Friday, July 10, 2009

The Ethics of the Blame Game

A recent television commercial features business persons in a meeting discussing their competition's market advantage. One person makes the suggestion they take turns blaming others as he turns to the person across the table and says, "I'd like to start by blaming (name of person)." Intended as humor, this scenario is deeply serious! Sadly, the blame game affects us all.

In our country and others, what we believe often becomes the definition of who we are. Once we've adopted a belief system, we must defend that system because we must defend ourselves. When our beliefs are challenged, we retaliate. Some times we attack the beliefs of others and sometimes we blame our perceived adversaries for the fruit of our own mistakes.

As old as time, this unethical behavior began with the first man in the Book of Genesis. He blamed the woman; the woman blamed the serpent. The fear of being wrong and the pride hidden in our hearts results in regular episodes of the blame game.

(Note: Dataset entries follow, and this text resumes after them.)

lemma successful_outputs_agree_imp_nu_mge:
  assumes mge: "mge_monoid TYPE('m::monoid_mult)"
    and eta: "\<And>mm. equalizable mm \<Longrightarrow> is_mge mm (\<eta> mm)"
    and rho: "valuation_rho Q I F \<Delta>2 \<rho>"
    and agree: "successful_outputs_agree Q I F \<Delta>2"
    and rel: "relevant_pair Q I F \<Delta>2 p (mm::'m \<times> 'm)"
  shows "\<exists>v. valuation_nu \<eta> \<rho> p = Some v \<and> is_mge mm v"
proof -
  obtain ab where ab: "\<rho> p = Some ab" "relevant_pair Q I F \<Delta>2 p ab"
    using valuation_rho_relevant[OF rho rel] .
  obtain n f where f: "f \<in> F \<times> F" "(p, n, f) \<in> trans_star2 (Q \<times> Q) \<Delta>2"
    using rel unfolding relevant_pair_def on_successful_path_def by blast
  have "is_equalizer ab n" "is_equalizer mm n"
    using relevant_pair_equalized_by_continuation[OF agree _ f(2,1)] ab(2) rel by blast+
  moreover have "equalizable ab"
    using \<open>is_equalizer ab n\<close> unfolding equalizable_def by blast
  then obtain v where "valuation_nu \<eta> \<rho> p = Some v" "is_mge ab v"
    using valuation_nu_mge[OF mge] eta ab(1) by blast
  ultimately show ?thesis
    using is_mge_transfer_common_equalizer[OF mge] by blast
qed

lemma successful_outputs_agree_imp_nu_final:
  assumes sq: "squared_output_automaton Q \<Delta> \<Delta>2"
    and rho: "valuation_rho Q I F \<Delta>2 \<rho>"
    and agree: "successful_outputs_agree Q I F \<Delta>2"
    and f: "f \<in> F \<times> F" and acc: "accessible2 Q I \<Delta>2 f"
  shows "valuation_nu \<eta> \<rho> f = Some (1, 1)"
proof -
  have \<Delta>2: "\<Delta>2 \<subseteq> (Q \<times> Q) \<times> UNIV \<times> (Q \<times> Q)"
    using sq unfolding squared_output_automaton_def by blast
  obtain i l where il: "i \<in> I \<times> I" "(i, l, f) \<in> trans_star2 (Q \<times> Q) \<Delta>2"
    using acc unfolding accessible2_def by blast
  obtain ab where ab: "\<rho> f = Some ab" "relevant_pair Q I F \<Delta>2 f ab"
    using valuation_rho_relevant[OF rho relevant_pair_of_final[OF \<Delta>2 il(1) f il(2)]] .
  have "(f, (1, 1), f) \<in> trans_star2 (Q \<times> Q) \<Delta>2"
    using trans_star2.refl trans_star2_target[OF il(2) \<Delta>2] .
  then have "is_equalizer ab (1, 1)"
    using relevant_pair_equalized_by_continuation[OF agree ab(2) _ f] by blast
  then show ?thesis
    using valuation_nu_diagonal[of \<rho> f] ab(1) unfolding is_equalizer_def by (cases ab) simp
qed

From corporate managements to political leaders, news reporters and sometimes you and me, the name of the game has become blame. The Book of First John, chapter 1, verse 8: "If we say we have no sin (wrong), we deceive ourselves, and the truth is not in us." Ethical behavior will always cause us to "fess up" when we are in the wrong, not just when we are caught and exposed!

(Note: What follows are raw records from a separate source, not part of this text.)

(* Let $\epsilon>0$. After $K=\tau\ln(\frac1\epsilon)$ iterations of Dual KOSZ starting from $\mathbf x^0=0$, we have $\mathcal B(\mathbf x^* )-\mathbb E[\mathcal B(\mathbf x^K)]\le\epsilon\cdot\mathcal B(\mathbf x^* )$.
   Context: $G=(V,E)$ is a connected undirected graph with resistances $r(e)>0$; $\mathbf b\in\mathbb R^V$ with $\sum_ib(i)=0$; $\mathbf L=\sum_{ij\in E}\frac1{r(i,j)}(\mathbf e_i-\mathbf e_j)(\mathbf e_i-\mathbf e_j)^\top$, $\mathcal B(\mathbf x)=\mathbf b^\top\mathbf x-\frac12\mathbf x^\top\mathbf L\mathbf x$, $\mathbf x^*$ maximizes $\mathcal B$. $T$ is a rooted spanning tree with edges directed toward the root; $C(i,j)$ is the vertex set of the component of $T-ij$ containing $i$; $R(C)=(\sum_{e\in\delta(C)}1/r(e))^{-1}$, $b(C)=\sum_{v\in C}b(v)$, $f_{\mathbf x}(C)=\sum_{kl\in E,k\in C,l\notin C}\frac{x(k)-x(l)}{r(k,l)}$; $\tau=\sum_{(i,j)\in T}\frac{r(i,j)}{R(C(i,j))}$. Dual KOSZ: $\mathbf x^0=0$; each iteration independently samples a tree edge $(i,j)$ with probability $\frac1\tau\frac{r(i,j)}{R(C(i,j))}$, and with $C=C(i,j)$ sets $\mathbf x^{t+1}=\mathbf x^t+(b(C)-f_{\mathbf x^t}(C))R(C)\mathbbm 1_C$. *)

theory Defs
  imports "HOL-Probability.Probability"
begin

definition graph_edges_ok :: "'a set set \<Rightarrow> bool" where
  "graph_edges_ok E \<longleftrightarrow> (\<forall>e\<in>E. card e = 2)"

definition graph_connected :: "'a set set \<Rightarrow> bool" where
  "graph_connected E \<longleftrightarrow> (\<forall>u v. (u, v) \<in> {(k, l). {k, l} \<in> E}\<^sup>*)"

text \<open>Laplacian L = sum over edges ij of 1/r(ij) (e_i - e_j)(e_i - e_j)^T; for e = {i,j}
  the (u,v) entry of (e_i - e_j)(e_i - e_j)^T is 1 if u = v in e, -1 if u,v in e, u ~= v, else 0.\<close>
definition lap :: "('a set \<Rightarrow> real) \<Rightarrow> 'a set set \<Rightarrow> 'a \<Rightarrow> 'a \<Rightarrow> real" where
  "lap r E u v = (\<Sum>e\<in>E. (1 / r e) * (if u \<in> e \<and> v \<in> e then (if u = v then 1 else -1) else 0))"

definition Bfun :: "('a::finite \<Rightarrow> real) \<Rightarrow> ('a set \<Rightarrow> real) \<Rightarrow> 'a set set \<Rightarrow> ('a \<Rightarrow> real) \<Rightarrow> real" where
  "Bfun b r E x = (\<Sum>v\<in>UNIV. b v * x v) - 1/2 * (\<Sum>u\<in>UNIV. \<Sum>v\<in>UNIV. x u * lap r E u v * x v)"

definition cut_edges :: "'a set set \<Rightarrow> 'a set \<Rightarrow> 'a set set" where
  "cut_edges E C = {e\<in>E. \<exists>k\<in>C. \<exists>l. l \<notin> C \<and> e = {k, l}}"

definition Rcut :: "('a set \<Rightarrow> real) \<Rightarrow> 'a set set \<Rightarrow> 'a set \<Rightarrow> real" where
  "Rcut r E C = inverse (\<Sum>e\<in>cut_edges E C. 1 / r e)"

definition bset :: "('a \<Rightarrow> real) \<Rightarrow> 'a set \<Rightarrow> real" where
  "bset b C = (\<Sum>v\<in>C. b v)"

definition flow :: "('a::finite set \<Rightarrow> real) \<Rightarrow> 'a set set \<Rightarrow> ('a \<Rightarrow> real) \<Rightarrow> 'a set \<Rightarrow> real" where
  "flow r E x C = (\<Sum>k\<in>C. \<Sum>l\<in>- C. if {k, l} \<in> E then (x k - x l) / r {k, l} else 0)"

text \<open>Rooted spanning tree, edges (i,j) directed toward the root rho: every tree edge is a graph
  edge, the root has no outgoing edge, every other vertex has exactly one outgoing edge,
  and every vertex reaches the root.\<close>
definition rooted_spanning_tree :: "'a set set \<Rightarrow> ('a \<times> 'a) set \<Rightarrow> 'a \<Rightarrow> bool" where
  "rooted_spanning_tree E T rho \<longleftrightarrow>
     (\<forall>(i, j)\<in>T. {i, j} \<in> E) \<and>
     (\<forall>j. (rho, j) \<notin> T) \<and>
     (\<forall>i. i \<noteq> rho \<longrightarrow> (\<exists>!j. (i, j) \<in> T)) \<and>
     (\<forall>v. (v, rho) \<in> T\<^sup>*)"

text \<open>C(i,j): vertex set of the component of T - ij (undirected) containing i.\<close>
definition tree_comp :: "('a \<times> 'a) set \<Rightarrow> 'a \<Rightarrow> 'a \<Rightarrow> 'a set" where
  "tree_comp T i j = {v. (i, v) \<in> ((T - {(i, j)}) \<union> (T - {(i, j)})\<inverse>)\<^sup>*}"

definition tau :: "('a::finite set \<Rightarrow> real) \<Rightarrow> 'a set set \<Rightarrow> ('a \<times> 'a) set \<Rightarrow> real" where
  "tau r E T = (\<Sum>(i, j)\<in>T. r {i, j} / Rcut r E (tree_comp T i j))"

definition edge_pmf :: "('a::finite set \<Rightarrow> real) \<Rightarrow> 'a set set \<Rightarrow> ('a \<times> 'a) set \<Rightarrow> ('a \<times> 'a) pmf" where
  "edge_pmf r E T = embed_pmf (\<lambda>(i, j). if (i, j) \<in> T
       then (1 / tau r E T) * (r {i, j} / Rcut r E (tree_comp T i j)) else 0)"

definition kosz_update :: "('a::finite \<Rightarrow> real) \<Rightarrow> ('a set \<Rightarrow> real) \<Rightarrow> 'a set set \<Rightarrow> ('a \<times> 'a) set
    \<Rightarrow> ('a \<Rightarrow> real) \<Rightarrow> ('a \<times> 'a) \<Rightarrow> ('a \<Rightarrow> real)" where
  "kosz_update b r E T x ij = (let C = tree_comp T (fst ij) (snd ij) in
     (\<lambda>v. x v + (bset b C - flow r E x C) * Rcut r E C * indicator C v))"

fun kosz_dist :: "('a::finite \<Rightarrow> real) \<Rightarrow> ('a set \<Rightarrow> real) \<Rightarrow> 'a set set \<Rightarrow> ('a \<times> 'a) set
    \<Rightarrow> nat \<Rightarrow> ('a \<Rightarrow> real) pmf" where
  "kosz_dist b r E T 0 = return_pmf (\<lambda>_. 0)"
| "kosz_dist b r E T (Suc K) =
     bind_pmf (kosz_dist b r E T K) (\<lambda>x. map_pmf (kosz_update b r E T x) (edge_pmf r E T))"

end

theory Submission
  imports Defs
begin

(* Write <x, z> for the Laplacian form x^T L z.  Since xstar maximises the concave quadratic B,
   L xstar = b, so B xstar - B x = <xstar - x, xstar - x> / 2, and the update on C = C(i,j) raises B
   by exactly R(C) <1_C, xstar - x>^2 / 2.  Telescoping along the paths to the root gives
   <y, y> = sum over (i,j) in T of (y i - y j) <1_C(i,j), y>; as the tree edges carry at most the
   energy <y, y>, AM-GM yields <y, y> <= sum over (i,j) in T of r(i,j) <1_C(i,j), y>^2.  With the
   sampling probabilities r(i,j) / (tau R(C(i,j))) one step therefore closes at least a 1/tau
   fraction of the expected gap, and (1 - 1/tau)^K <= exp(-K/tau) <= epsilon.
   Connectedness of G and sum b = 0 only serve to make a maximiser xstar exist. *)

section \<open>The Laplacian form\<close>

definition lap_form :: "('a set \<Rightarrow> real) \<Rightarrow> 'a set set \<Rightarrow> ('a::finite \<Rightarrow> real) \<Rightarrow> ('a \<Rightarrow> real) \<Rightarrow> real"
  where "lap_form r E x z = (\<Sum>u\<in>UNIV. \<Sum>v\<in>UNIV. x u * lap r E u v * z v)"

definition edge_form :: "('a \<Rightarrow> real) \<Rightarrow> ('a \<Rightarrow> real) \<Rightarrow> 'a set \<Rightarrow> real"
  where "edge_form x z e = (\<Sum>u\<in>e. \<Sum>v\<in>e. x u * z v * (if u = v then 1 else -1))"

definition current :: "('a set \<Rightarrow> real) \<Rightarrow> 'a set set \<Rightarrow> ('a \<Rightarrow> real) \<Rightarrow> 'a \<Rightarrow> 'a \<Rightarrow> real"
  where "current r E x k l = (if {k, l} \<in> E then (x k - x l) / r {k, l} else 0)"

lemma edge_form_doubleton: "k \<noteq> l \<Longrightarrow> edge_form x z {k, l} = (x k - x l) * (z k - z l)"
  unfolding edge_form_def by (simp add: algebra_simps)

lemma current_antisym: "current r E x l k = - current r E x k l"
  unfolding current_def by (simp add: insert_commute divide_simps)

lemma flow_eq_current_sum: "flow r E x C = (\<Sum>k\<in>C. \<Sum>l\<in>-C. current r E x k l)"
  unfolding flow_def current_def ..

lemma double_sum_antisym_eq_0:
  assumes "\<And>k l. G l k = - G k l"
  shows "(\<Sum>k\<in>A. \<Sum>l\<in>A. G k l) = (0::real)"
proof -
  have "(\<Sum>k\<in>A. \<Sum>l\<in>A. G k l) = (\<Sum>l\<in>A. \<Sum>k\<in>A. G k l)"
    by (rule sum.swap)
  also have "\<dots> = (\<Sum>l\<in>A. \<Sum>k\<in>A. - G l k)"
    by (intro sum.cong refl) (rule assms)
  also have "\<dots> = - (\<Sum>k\<in>A. \<Sum>l\<in>A. G k l)"
    by (simp add: sum_negf)
  finally show ?thesis by simp
qed

lemma lap_form_eq_edge_sum: "lap_form r E x z = (\<Sum>e\<in>E. edge_form x z e / r e)"
proof -
  let ?s = "\<lambda>e u v. if u \<in> e \<and> v \<in> e then x u * z v * (if u = v then 1 else -1) else 0"
  have restrict: "(\<Sum>u\<in>UNIV. \<Sum>v\<in>UNIV. ?s e u v) = edge_form x z e" for e
  proof -
    have "(\<Sum>u\<in>UNIV. \<Sum>v\<in>UNIV. ?s e u v) = (\<Sum>u\<in>UNIV. if u \<in> e then
        \<Sum>v\<in>UNIV. if v \<in> e then x u * z v * (if u = v then 1 else -1) else 0 else 0)"
      by (intro sum.cong refl) auto
    then show ?thesis by (simp add: edge_form_def sum.If_cases)
  qed
  have "lap_form r E x z = (\<Sum>u\<in>UNIV. \<Sum>v\<in>UNIV. \<Sum>e\<in>E. ?s e u v / r e)"
    unfolding lap_form_def lap_def sum_distrib_left sum_distrib_right
    by (intro sum.cong refl) (simp add: field_simps)
  also have "\<dots> = (\<Sum>e\<in>E. (\<Sum>u\<in>UNIV. \<Sum>v\<in>UNIV. ?s e u v) / r e)"
    by (simp add: sum_divide_distrib sum.swap[of _ _ E])
  finally show ?thesis by (simp only: restrict)
qed

lemma lap_form_add_scaled_left:
  "lap_form r E (\<lambda>v. x v + t * w v) z = lap_form r E x z + t * lap_form r E w z"
  unfolding lap_form_def by (simp add: algebra_simps sum.distrib sum_distrib_left)

lemma lap_form_add_scaled_right:
  "lap_form r E z (\<lambda>v. x v + t * w v) = lap_form r E z x + t * lap_form r E z w"
  unfolding lap_form_def by (simp add: algebra_simps sum.distrib sum_distrib_left)

lemma Bfun_eq_lap_form: "Bfun b r E x = (\<Sum>v\<in>UNIV. b v * x v) - lap_form r E x x / 2"
  unfolding Bfun_def lap_form_def by simp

Perhaps our society has come to think that it's alright to be a "little" unethical if it can be justified by the end. In other words, a little blame is permissible if it enables us to achieve a good end. I once heard this on-point analogy: Walking into a convenience store to buy a bottle of water, we begin to read the labels. One bottle says 100% pure spring water. Another says 99.5% pure spring water and .5% sewage. Which one would you buy?